4. Shop in comfortable shoes. Carry your wallet someplace easy for you to reach but hard for anyone else to get at. Don’t burden yourself down with too many packages.

5. Buy on line. Presents, dinner, cards, reservations – all just a click away.

6. If you must send packages, remember that the Postal Service will now pick up packages at your home.

7. Don’t bake unless you would go into a serious depression if deprived of the experience. If you do bake, set limits. I will never again have more containers of cookies than can fit on a fully extended kitchen table.

8. This one is for next year. Pick up interesting gifts throughout the year. If you travel, this is a great way to have truly unique gifts. Just don’t forget where you put them. Last year I gave several lovely objects I’d bought in Sicily three years ago. I’d put them in a safe place. At least they eventually surfaced.

9. Simplicity is very classy. Repeat that twenty times, then start cutting back on your plans.

10. Gift cards are a wonderful thing. Want to give the perfect gift? Not only are gift cards perfect, but you can fit them in your carry-on luggage.

11. Travel light. Carry your pills, jewelry and one-ounce containers or the liquids you need. Wear something comfortable and a bit classy so that if your luggage is lost you’re reasonably prepared.

12. Block out time on your calendar to do absolutely nothing but take care of yourself – whether that means go to a movie, meditate, get a massage, or just take a nap. Pace yourself.

Turning a Bad Habit Good

Have you ever left home to do one simple thing and return exhausted five or six hours later? For a long time, this was my story. I had a close friend living down the hall and we regularly went grocery shopping and did other errands together. As we headed out to drop off the laundry, one of us would mention that we were near the Italian grocery store, so maybe we could just squeeze that in … and the bakery … and that great discount store … and … and … and. The simplest trip became an excursion. On the way to the Greenmarket, why don’t we stop at the coffee store – and maybe sit down for a cup of something while we’re there. And maybe we can look at that sound system. And the dress I need for the wedding. And stop at the Strand to see what great books are on sale, etc. etc.
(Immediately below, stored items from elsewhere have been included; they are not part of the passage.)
text \<open>The energy identity, with \<open>\<parallel>x\<parallel>\<^sup>2 - \<parallel>y\<parallel>\<^sup>2\<close> rewritten by the kernel norm identity, bounds the
  range components through the lower bounds \<open>\<langle>A x1, x1\<rangle> \<ge> \<parallel>x1\<parallel>\<^sup>2 / \<parallel>A\<^sub>1\<^sup>-\<^sup>1\<parallel>\<close> and likewise for \<open>C\<close>.\<close>
lemma range_components_le:
  "(vnorm x1)^2 + (vnorm y1)^2 \<le> max (opnorm_on RA A1inv) (opnorm_on RC C1inv) *
     (\<bar>t\<bar> * ((vnorm x1)^2 + (vnorm y1)^2 + n1 * vnorm x1 * vnorm x2 + n2 * vnorm y1 * vnorm y2))"
proof -
  note c = components and S = orth_projectable
  define QA where "QA = Re ((A *\<^sub>v x1) \<bullet>c x1)"
  define QC where "QC = Re ((C *\<^sub>v y1) \<bullet>c y1)"
  define R1 where "R1 = Re (x1 \<bullet>c B12 (B22inv x2))"
  define R2 where "R2 = Re (y1 \<bullet>c B21adj (B22invadj y2))"
  define a where "a = opnorm_on RA A1inv"
  define b where "b = opnorm_on RC C1inv"
  have R1: "\<bar>R1\<bar> \<le> n1 * vnorm x1 * vnorm x2"
    using abs_Re_le_cmod[of "x1 \<bullet>c B12 (B22inv x2)"]
      cmod_cscalar_prod_opnorm_on_le(1)[OF S(3,4) linear_on_B12_B22inv c(2,5)] unfolding R1_def by linarith
  have R2: "\<bar>R2\<bar> \<le> n2 * vnorm y1 * vnorm y2"
    using abs_Re_le_cmod[of "y1 \<bullet>c B21adj (B22invadj y2)"]
      cmod_cscalar_prod_opnorm_on_le(1)[OF S(7,8) linear_on_B21adj_B22invadj c(4,7)] unfolding R2_def by linarith
  have "(vnorm x)^2 = (vnorm x1)^2 + (vnorm x2)^2"
    using vnorm_add_power2_orthogonal[OF c(5,6) hermitian_range_orth_kernel[OF A_hermitian A_carrier c(1,2)]]
    by (simp add: c(9))
  moreover have "(vnorm y)^2 = (vnorm y1)^2 + (vnorm y2)^2"
    using vnorm_add_power2_orthogonal[OF c(7,8) hermitian_range_orth_kernel[OF C_hermitian C_carrier c(3,4)]]
    by (simp add: c(10))
  ultimately have "(vnorm x)^2 - (vnorm y)^2 = (vnorm x1)^2 - (vnorm y1)^2 + R2 - R1"
    using kernel_norm_identity unfolding R1_def R2_def by linarith
  hence "QA + QC = t * ((vnorm x1)^2 - (vnorm y1)^2 + R2 - R1)"
    using energy_identity unfolding QA_def QC_def by simp
  also have "\<dots> \<le> \<bar>t\<bar> * \<bar>(vnorm x1)^2 - (vnorm y1)^2 + R2 - R1\<bar>"
    by (metis abs_ge_self abs_mult)
  also have "\<dots> \<le> \<bar>t\<bar> * ((vnorm x1)^2 + (vnorm y1)^2 + n1 * vnorm x1 * vnorm x2 + n2 * vnorm y1 * vnorm y2)"
  proof (rule mult_left_mono)
    show "\<bar>(vnorm x1)^2 - (vnorm y1)^2 + R2 - R1\<bar>
        \<le> (vnorm x1)^2 + (vnorm y1)^2 + n1 * vnorm x1 * vnorm x2 + n2 * vnorm y1 * vnorm y2"
      using R1 R2 zero_le_power2[of "vnorm x1"] zero_le_power2[of "vnorm y1"]
      unfolding abs_le_iff by linarith
  qed simp
  finally have energy: "QA + QC \<le> \<dots>" .
  have "(vnorm x1)^2 + (vnorm y1)^2 \<le> a * QA + b * QC"
    using psd_mat_range_lower_bound[OF A_psd A_carrier c(1)] psd_mat_range_lower_bound[OF C_psd C_carrier c(3)]
    unfolding QA_def QC_def a_def b_def by (simp add: add_mono)
  also have "\<dots> \<le> max a b * (QA + QC)"
    using psd_mat_Re_nonneg[OF A_psd A_carrier c(5)] psd_mat_Re_nonneg[OF C_psd C_carrier c(7)]
    unfolding QA_def QC_def by (simp add: distrib_left add_mono mult_right_mono)
  also have "\<dots> \<le> max a b * (\<bar>t\<bar> * ((vnorm x1)^2 + (vnorm y1)^2 + n1 * vnorm x1 * vnorm x2 + n2 * vnorm y1 * vnorm y2))"
    using energy opnorm_on_nonneg[OF S(1,2) linear_on_hermitian_inv_mat_range[OF A_hermitian A_carrier]]
    unfolding a_def by (intro mult_left_mono) auto
  finally show ?thesis unfolding a_def b_def .
qed

lemma eigenvector_eq_0:
  assumes small: "\<bar>t\<bar> * inv_bound * (1 + coupling)^2 < 1"
  shows "x = 0\<^sub>v p" "y = 0\<^sub>v q"
proof -
  note c = components and S = orth_projectable
  define u where "u = inv_bound * \<bar>t\<bar>"
  define a1 a2 b1 b2 where "a1 = vnorm x1" "a2 = vnorm x2" "b1 = vnorm y1" "b2 = vnorm y2"
  have nn: "0 \<le> a1" "0 \<le> a2" "0 \<le> b1" "0 \<le> b2" unfolding a1_a2_b1_b2_def by (auto simp: vnorm_nonneg)
  have N0: "0 \<le> opnorm_on NA B22inv" using opnorm_on_nonneg[OF S(3,4) linear_on_B22inv] .
  have n0: "0 \<le> n1" "0 \<le> n2"
    using opnorm_on_nonneg[OF S(3,4) linear_on_B12_B22inv] opnorm_on_nonneg[OF S(7,8) linear_on_B21adj_B22invadj] .
  have u0: "0 \<le> u" unfolding u_def using N0 by simp
  have tN: "\<bar>t\<bar> * opnorm_on NA B22inv \<le> u" unfolding u_def by (simp add: mult_left_mono mult.commute)
  have "n1 * a1 * a2 + n2 * b1 * b2 \<le> coupling * (a1 * a2 + b1 * b2)"
    using nn by (simp add: distrib_left add_mono mult_right_mono mult.assoc)
  hence "a1^2 + b1^2 + n1 * a1 * a2 + n2 * b1 * b2 \<le> a1^2 + b1^2 + coupling * (a1 * a2 + b1 * b2)"
    by linarith
  hence le: "\<bar>t\<bar> * (a1^2 + b1^2 + n1 * a1 * a2 + n2 * b1 * b2) \<le> \<bar>t\<bar> * (a1^2 + b1^2 + coupling * (a1 * a2 + b1 * b2))"
    by (rule mult_left_mono) simp
  have c0: "0 \<le> \<bar>t\<bar> * (a1^2 + b1^2 + n1 * a1 * a2 + n2 * b1 * b2)" using nn n0 by simp
  have "max (opnorm_on RA A1inv) (opnorm_on RC C1inv) * (\<bar>t\<bar> * (a1^2 + b1^2 + n1 * a1 * a2 + n2 * b1 * b2))
      \<le> inv_bound * (\<bar>t\<bar> * (a1^2 + b1^2 + coupling * (a1 * a2 + b1 * b2)))"
    by (rule mult_mono[OF _ le _ c0]) (use N0 in auto)
  hence e1: "a1^2 + b1^2 \<le> u * (a1^2 + b1^2 + coupling * (a1 * a2 + b1 * b2))"
    using range_components_le unfolding u_def a1_a2_b1_b2_def by (simp add: mult.assoc)
  have "n1 * a1 \<le> coupling * a1" "n2 * b1 \<le> coupling * b1"
    using nn by (auto intro: mult_right_mono)
  moreover have "\<bar>t\<bar> * opnorm_on NA B22inv * b2 \<le> u * b2" "\<bar>t\<bar> * opnorm_on NA B22inv * a2 \<le> u * a2"
    using tN nn by (auto intro: mult_right_mono)
  ultimately have e2: "a2 \<le> u * b2 + coupling * a1" and e3: "b2 \<le> u * a2 + coupling * b1"
    using vnorm_x2_le vnorm_y2_le unfolding a1_a2_b1_b2_def by linarith+
  have "u * (1 + coupling)^2 < 1" using small unfolding u_def by (simp add: ac_simps)
  hence "a1 = 0 \<and> a2 = 0 \<and> b1 = 0 \<and> b2 = 0"
    using small_coupling_forces_zero[OF nn u0 _ _ e1 e2 e3] n0 by simp
  hence "x1 = 0\<^sub>v p" "x2 = 0\<^sub>v p" "y1 = 0\<^sub>v q" "y2 = 0\<^sub>v q"
    unfolding a1_a2_b1_b2_def using vnorm_eq_0_iff c(5-8) by auto
  thus "x = 0\<^sub>v p" "y = 0\<^sub>v q" using c(9,10) by auto
qed

end

lemma (in saddle_point_matrix) real_eigenvalue_lower_bound:
  assumes ev: "complex_of_real t \<in> spectrum_mat (four_block_mat A B (mat_adjoint B) (- C))"
  shows "1 / ((1 + coupling)^2 * inv_bound) \<le> \<bar>t\<bar>"
proof (rule ccontr)
  assume "\<not> ?thesis"
  hence lt: "\<bar>t\<bar> < 1 / ((1 + coupling)^2 * inv_bound)" by simp
  have "0 < (1 + coupling)^2 * inv_bound"
  proof (rule ccontr)
    assume "\<not> 0 < (1 + coupling)^2 * inv_bound"
    hence "1 / ((1 + coupling)^2 * inv_bound) \<le> 0" by (simp add: not_less)
    thus False using lt by linarith
  qed
  hence small: "\<bar>t\<bar> * inv_bound * (1 + coupling)^2 < 1"
    using lt by (simp add: less_divide_eq ac_simps)
  obtain v where "eigenvector (four_block_mat A B (mat_adjoint B) (- C)) v (complex_of_real t)"
    using ev unfolding spectrum_mat_def eigenvalue_def by blast
  then obtain x y where xy: "x \<in> carrier_vec p" "y \<in> carrier_vec q" "v = x @\<^sub>v y" "v \<noteq> 0\<^sub>v (p + q)"
      and rows: "A *\<^sub>v x + B *\<^sub>v y = complex_of_real t \<cdot>\<^sub>v x"
        "mat_adjoint B *\<^sub>v x = complex_of_real t \<cdot>\<^sub>v y + C *\<^sub>v y"
    using saddle_point_mat_eigenvector[OF A_carrier B_carrier C_carrier] by blast
  interpret saddle_point_eigenpair A B C p q x y t
    using xy(1,2) rows by unfold_locales
  have "0\<^sub>v p @\<^sub>v 0\<^sub>v q = (0\<^sub>v (p + q) :: complex vec)" by (intro eq_vecI) auto
  thus False using eigenvector_eq_0[OF small] xy(3,4) by simp
qed

theorem theorem3p4:
  fixes A B C :: "complex mat" and p q :: nat
  assumes A_dim: "A \<in> carrier_mat p p"
    and C_dim: "C \<in> carrier_mat q q"
    and B_dim: "B \<in> carrier_mat p q"
    and A_psd: "psd_mat A"
    and C_psd: "psd_mat C"
    and dim_eq: "kernel_dim A = kernel_dim C"
    and B22_nonsing: "bij_betw (compression B (mat_kernel A)) (mat_kernel C) (mat_kernel A)"
  shows
    "let H = four_block_mat A B (mat_adjoint B) (- C);
         RA = mat_range A; NA = mat_kernel A; RC = mat_range C; NC = mat_kernel C;
         A1inv = the_inv_into RA (\<lambda>x. A *\<^sub>v x);
         C1inv = the_inv_into RC (\<lambda>x. C *\<^sub>v x);
         B12 = compression B RA;
         B21 = compression B NA;
         B22 = compression B NA;
         B22inv = the_inv_into NC B22;
         B21adj = sub_adjoint RC NA B21;
         B22invadj = sub_adjoint NA NC B22inv;
         n1 = opnorm_on NA (\<lambda>y. B12 (B22inv y));
         n2 = opnorm_on NC (\<lambda>y. B21adj (B22invadj y));
         \<epsilon> = 1 / ((1 + max n1 n2)\<^sup>2 *
                   max (max (opnorm_on RA A1inv) (opnorm_on RC C1inv)) (opnorm_on NA B22inv))
     in {t. - \<epsilon> < t \<and> t < \<epsilon>} \<inter> {t. complex_of_real t \<in> spectrum_mat H} = {}"
proof -
  interpret saddle_point_matrix A B C p q
    using A_dim C_dim B_dim A_psd C_psd B22_nonsing by unfold_locales
  show ?thesis
    unfolding Let_def
  proof (rule equals0I)
    fix t assume "t \<in> {t. - (1 / ((1 + coupling)^2 * inv_bound)) < t \<and> t < 1 / ((1 + coupling)^2 * inv_bound)}
      \<inter> {t. complex_of_real t \<in> spectrum_mat (four_block_mat A B (mat_adjoint B) (- C))}"
    hence "\<bar>t\<bar> < 1 / ((1 + coupling)^2 * inv_bound)"
      and "complex_of_real t \<in> spectrum_mat (four_block_mat A B (mat_adjoint B) (- C))"
      by (auto simp: abs_less_iff)
    thus False using real_eigenvalue_lower_bound[of t] by linarith
  qed
qed

end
It finally occurred to me that this might be a bad habit. It wasn’t serving either one of us well to hold the fantasy that we were doing only one thing. Or that we’d be home in an hour. We left a wake of undone chores and cranky people and usually came home to tired to do anything else.
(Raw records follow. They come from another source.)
(* Let $\Bbbk$ be an algebraically closed field and $A$ a semisimple $\Bbbk$-algebra, so that $A\cong M_{n_1}(\Bbbk)\times\cdots\times M_{n_r}(\Bbbk)$ by the Artin–Wedderburn theorem. Then $\operatorname{Frobdim}(A)=\sum_{i=1}^r n_i^2$.
   Context: A nearly Frobenius coproduct on a $\Bbbk$-algebra $A$ is a $\Bbbk$-linear map $\Delta:A\to A\otimes_\Bbbk A$ that is an $A$-bimodule morphism, i.e. $\Delta(ab)=(a\otimes 1)\Delta(b)=\Delta(a)(1\otimes b)$ for all $a,b\in A$. The Frobenius space of $A$ is the vector space of all such coproducts, and $\operatorname{Frobdim}A$ is its dimension over $\Bbbk$. *)

theory Defs
  imports Main "HOL-Computational_Algebra.Polynomial" "HOL-Library.Function_Algebras"
begin

definition alg_closed :: "'k::field itself \<Rightarrow> bool" where
  "alg_closed _ \<longleftrightarrow> (\<forall>p::'k poly. 0 < degree p \<longrightarrow> (\<exists>x. poly p x = 0))"

definition k_algebra :: "('k::field \<Rightarrow> 'a::{ring,monoid_mult} \<Rightarrow> 'a) \<Rightarrow> bool" where
  "k_algebra sc \<longleftrightarrow> vector_space sc \<and>
     (\<forall>c x y. sc c (x * y) = sc c x * y \<and> sc c (x * y) = x * sc c y)"

text \<open>Concrete model of A \<otimes>_k A: the span of the pure tensors a \<otimes> b inside the space of
  k-valued functions on k-bilinear forms B : A \<times> A \<rightarrow> k, where (a \<otimes> b)(B) = B a b.
  (The canonical map A \<otimes> A \<rightarrow> Bil(A \<times> A, k)^* is injective, so this span is the tensor square.)\<close>

definition bilin :: "('k::field \<Rightarrow> 'a::ab_group_add \<Rightarrow> 'a) \<Rightarrow> ('a \<Rightarrow> 'a \<Rightarrow> 'k) \<Rightarrow> bool" where
  "bilin sc B \<longleftrightarrow> (\<forall>y. Vector_Spaces.linear sc (*) (\<lambda>x. B x y)) \<and>
                  (\<forall>x. Vector_Spaces.linear sc (*) (B x))"

type_synonym ('a, 'k) tens = "('a \<Rightarrow> 'a \<Rightarrow> 'k) \<Rightarrow> 'k"

definition tscale :: "'k::field \<Rightarrow> ('a, 'k) tens \<Rightarrow> ('a, 'k) tens" where
  "tscale c t = (\<lambda>B. c * t B)"

definition tens :: "('k::field \<Rightarrow> 'a::ab_group_add \<Rightarrow> 'a) \<Rightarrow> 'a \<Rightarrow> 'a \<Rightarrow> ('a, 'k) tens" where
  "tens sc a b = (\<lambda>B. if bilin sc B then B a b else 0)"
We learned to set limits. And to stick to them. We set time limits that allowed for some flexibility in terms of the number of activities we might add to the schedule. We set a limit on the number of things we would do and committed to holding ourselves to it. It worked. We had enough flexibility to enjoy ourselves and allow for surprises and reasonable boundaries to keep the rest of our lives on schedule.
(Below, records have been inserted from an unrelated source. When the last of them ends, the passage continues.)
(* Let $f\in\mathfrak{D}_j$ be homogeneous of degree $j$, let $j-2\ge k_1\ge\cdots\ge k_s\ge 1$ be integers, $h_t\in\mathfrak{D}_{k_t}$ homogeneous for $1\le t\le s$, and $F=f+\sum_{t=1}^s h_tZ_t\in\mathfrak{E}$. For each $t$, define $$B_t=\frac{R\circ\langle f,h_1,\ldots,h_t\rangle+(\operatorname{Ann}_R\langle f,h_1,\ldots,h_{t-1}\rangle)\circ(h_tZ_t+\cdots+h_sZ_s)}{R\circ\langle f,h_1,\ldots,h_{t-1}\rangle+(\operatorname{Ann}_R\langle f,h_1,\ldots,h_t\rangle)\circ(h_{t+1}Z_{t+1}+\cdots+h_sZ_s)}.$$ Then $B_t=0$ if and only if $h_t\in R\circ\langle f,h_1,\ldots,h_{t-1}\rangle$.
   Context: Let $\mathsf{k}$ be a field, $R=\mathsf{k}\{x_1,\ldots,x_r\}$, $\mathfrak{D}=\mathsf{k}_{DP}[X_1,\ldots,X_r]\subset\mathfrak{E}=\mathsf{k}_{DP}[X_1,\ldots,X_r,Z_1,\ldots,Z_s]$ divided power algebras, with $R$ acting by contraction ($x^{\alpha}\circ X^{[\beta]}=X^{[\beta-\alpha]}$ if $\beta\ge\alpha$ componentwise, $0$ otherwise; the $Z_i$ are untouched by $R$). $R\circ\langle g_1,\ldots\rangle$ is the span of all partials $\varphi\circ g_i$, $\operatorname{Ann}_R\langle g_1,\ldots\rangle$ is the set of elements of $R$ annihilating every $g_i$, and $V\circ g=\{v\circ g:v\in V\}$; sums in $B_t$ are sums of subspaces of $\mathfrak{E}$. *)

theory Defs
  imports Complex_Main "HOL-Library.Poly_Mapping" "HOL-Library.Function_Algebras"
begin

datatype var = X nat | Z nat

type_synonym mono = "var \<Rightarrow>\<^sub>0 nat"

text \<open>An element of a divided power algebra (or a power series) is given by its
coefficient function on exponent vectors: F gamma is the coefficient of the divided
power monomial X^[gamma] (resp. of the ordinary monomial x^gamma for series).\<close>

definition Xvars :: "nat \<Rightarrow> var set" where
  "Xvars r = {X i | i. 1 \<le> i \<and> i \<le> r}"

definition Zvars :: "nat \<Rightarrow> var set" where
  "Zvars s = {Z i | i. 1 \<le> i \<and> i \<le> s}"

definition mdeg :: "mono \<Rightarrow> nat" where
  "mdeg \<gamma> = (\<Sum>v\<in>Poly_Mapping.keys \<gamma>. Poly_Mapping.lookup \<gamma> v)"

definition DPE :: "nat \<Rightarrow> nat \<Rightarrow> (mono \<Rightarrow> 'k::field) set" where
  "DPE r s = {F. finite {\<gamma>. F \<gamma> \<noteq> 0} \<and>
                 (\<forall>\<gamma>. F \<gamma> \<noteq> 0 \<longrightarrow> Poly_Mapping.keys \<gamma> \<subseteq> Xvars r \<union> Zvars s)}"

definition DPD :: "nat \<Rightarrow> (mono \<Rightarrow> 'k::field) set" where
  "DPD r = DPE r 0"

definition DPDj :: "nat \<Rightarrow> nat \<Rightarrow> (mono \<Rightarrow> 'k::field) set" where
  "DPDj r j = {F \<in> DPD r. \<forall>\<gamma>. F \<gamma> \<noteq> 0 \<longrightarrow> mdeg \<gamma> = j}"

definition Rser :: "nat \<Rightarrow> (mono \<Rightarrow> 'k::field) set" where
  "Rser r = {\<phi>. \<forall>\<alpha>. \<phi> \<alpha> \<noteq> 0 \<longrightarrow> Poly_Mapping.keys \<alpha> \<subseteq> Xvars r}"

text \<open>Contraction action: x^alpha o X^[beta] = X^[beta - alpha] if beta \<ge> alpha, else 0,
extended linearly; (phi o F)(gamma) = sum_alpha phi(alpha) F(gamma + alpha)
(a finite sum since F has finite support).\<close>
definition contract :: "(mono \<Rightarrow> 'k::field) \<Rightarrow> (mono \<Rightarrow> 'k) \<Rightarrow> (mono \<Rightarrow> 'k)" where
  "contract \<phi> F = (\<lambda>\<gamma>. \<Sum>\<alpha>\<in>{\<alpha>. F (\<gamma> + \<alpha>) \<noteq> 0}. \<phi> \<alpha> * F (\<gamma> + \<alpha>))"

definition kscale :: "'k::field \<Rightarrow> (mono \<Rightarrow> 'k) \<Rightarrow> (mono \<Rightarrow> 'k)" where
  "kscale c F = (\<lambda>\<gamma>. c * F \<gamma>)"

definition kspan :: "(mono \<Rightarrow> 'k::field) set \<Rightarrow> (mono \<Rightarrow> 'k) set" where
  "kspan S = module.span kscale S"

definition RC :: "nat \<Rightarrow> (mono \<Rightarrow> 'k::field) set \<Rightarrow> (mono \<Rightarrow> 'k) set" where
  "RC r G = kspan {contract \<phi> g | \<phi> g. \<phi> \<in> Rser r \<and> g \<in> G}"

definition AnnR :: "nat \<Rightarrow> (mono \<Rightarrow> 'k::field) set \<Rightarrow> (mono \<Rightarrow> 'k) set" where
  "AnnR r G = {\<phi> \<in> Rser r. \<forall>g\<in>G. contract \<phi> g = 0}"

definition act_set :: "(mono \<Rightarrow> 'k::field) set \<Rightarrow> (mono \<Rightarrow> 'k) \<Rightarrow> (mono \<Rightarrow> 'k) set" where
  "act_set V g = {contract v g | v. v \<in> V}"

definition ssum :: "(mono \<Rightarrow> 'k::field) set \<Rightarrow> (mono \<Rightarrow> 'k) set \<Rightarrow> (mono \<Rightarrow> 'k) set" where
  "ssum A B = {a + b | a b. a \<in> A \<and> b \<in> B}"

text \<open>Divided power multiplication by Z_u = Z_u^[1]:
X^[beta] Z^[a] * Z_u^[1] = (a_u + 1) X^[beta] Z^[a + e_u].\<close>
definition mulZ :: "(mono \<Rightarrow> 'k::field) \<Rightarrow> nat \<Rightarrow> (mono \<Rightarrow> 'k)" where
  "mulZ g u = (\<lambda>\<gamma>. if 1 \<le> Poly_Mapping.lookup \<gamma> (Z u)
                    then of_nat (Poly_Mapping.lookup \<gamma> (Z u)) * g (\<gamma> - Poly_Mapping.single (Z u) 1)
                    else 0)"

text \<open>The quotient N / M of subspaces of E is zero, i.e. N maps to zero in E / M.\<close>
definition quot_zero :: "(mono \<Rightarrow> 'k::field) set \<Rightarrow> (mono \<Rightarrow> 'k) set \<Rightarrow> bool" where
  "quot_zero N M \<longleftrightarrow> N \<subseteq> M"

definition Bnum :: "nat \<Rightarrow> nat \<Rightarrow> (mono \<Rightarrow> 'k::field) \<Rightarrow> (nat \<Rightarrow> mono \<Rightarrow> 'k) \<Rightarrow> nat \<Rightarrow> (mono \<Rightarrow> 'k) set" where
  "Bnum r s f h t =
     ssum (RC r (insert f (h ` {1..t})))
          (act_set (AnnR r (insert f (h ` {1..t-1}))) (\<lambda>\<gamma>. \<Sum>u\<in>{t..s}. mulZ (h u) u \<gamma>))"

definition Bden :: "nat \<Rightarrow> nat \<Rightarrow> (mono \<Rightarrow> 'k::field) \<Rightarrow> (nat \<Rightarrow> mono \<Rightarrow> 'k) \<Rightarrow> nat \<Rightarrow> (mono \<Rightarrow> 'k) set" where
  "Bden r s f h t =
     ssum (RC r (insert f (h ` {1..t-1})))
          (act_set (AnnR r (insert f (h ` {1..t}))) (\<lambda>\<gamma>. \<Sum>u\<in>{t+1..s}. mulZ (h u) u \<gamma>))"

end

theory Submission
  imports Defs
begin

(* Contraction by power series is linear on polynomials, and contracting by psi and then
   by phi is contracting by the product series phi psi.  Hence R o <G> is stable under
   contraction, and Ann_R <G> kills all of R o <G>.

   If h_t lies in R o <f, h_1, ..., h_(t-1)>, adjoining h_t changes neither R o <...> nor
   Ann_R <...>, and every phi in the annihilator kills h_t Z_t because
   phi o (h_t Z_t) = (phi o h_t) Z_t; so numerator and denominator of B_t coincide.
   Conversely, if B_t = 0 then h_t, which lies in the numerator, can be written as
   a + phi o (h_(t+1) Z_(t+1) + ... + h_s Z_s) with a in R o <f, h_1, ..., h_(t-1)>.  Every
   monomial of the second summand involves some Z_u, whereas h_t and a lie in D; hence
   h_t = a. *)

interpretation ks: module "kscale :: 'k::field \<Rightarrow> (mono \<Rightarrow> 'k) \<Rightarrow> (mono \<Rightarrow> 'k)"
  by unfold_locales (auto simp: kscale_def fun_eq_iff algebra_simps)

lemma kspan_eq_span: "kspan = ks.span"
  by (simp add: kspan_def fun_eq_iff)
Well, recently, I’ve been thinking about an issue that needs resolving. I really enjoy a clean, neat apartment. I hate carving out huge chunks of time for cleaning. And I’m not ready to hire someone to clean for me. Inconvenient. Involves a lot of pre-cleaning. (Yes, you know what I mean.)

I’m recycling my “bad” habit of adding things on to a simple journey. Since coaching and writing are both sedentary occupations, I’m working hard at getting up out of the chair at least every two hours so I don’t turn into a pillar of stone. Why not make that a productive time? Why not add a little housekeeping to each walk through the apartment? So, I’m back to adopting the add on routine. Now, whenever I get up, I find one thing that needs to be returned to it’s proper home or one thing that can be dusted or cleaned or recycled. Instead of spending half a day cleaning, I’m spending a manageable 30 minutes to an hour a day without even noticing it.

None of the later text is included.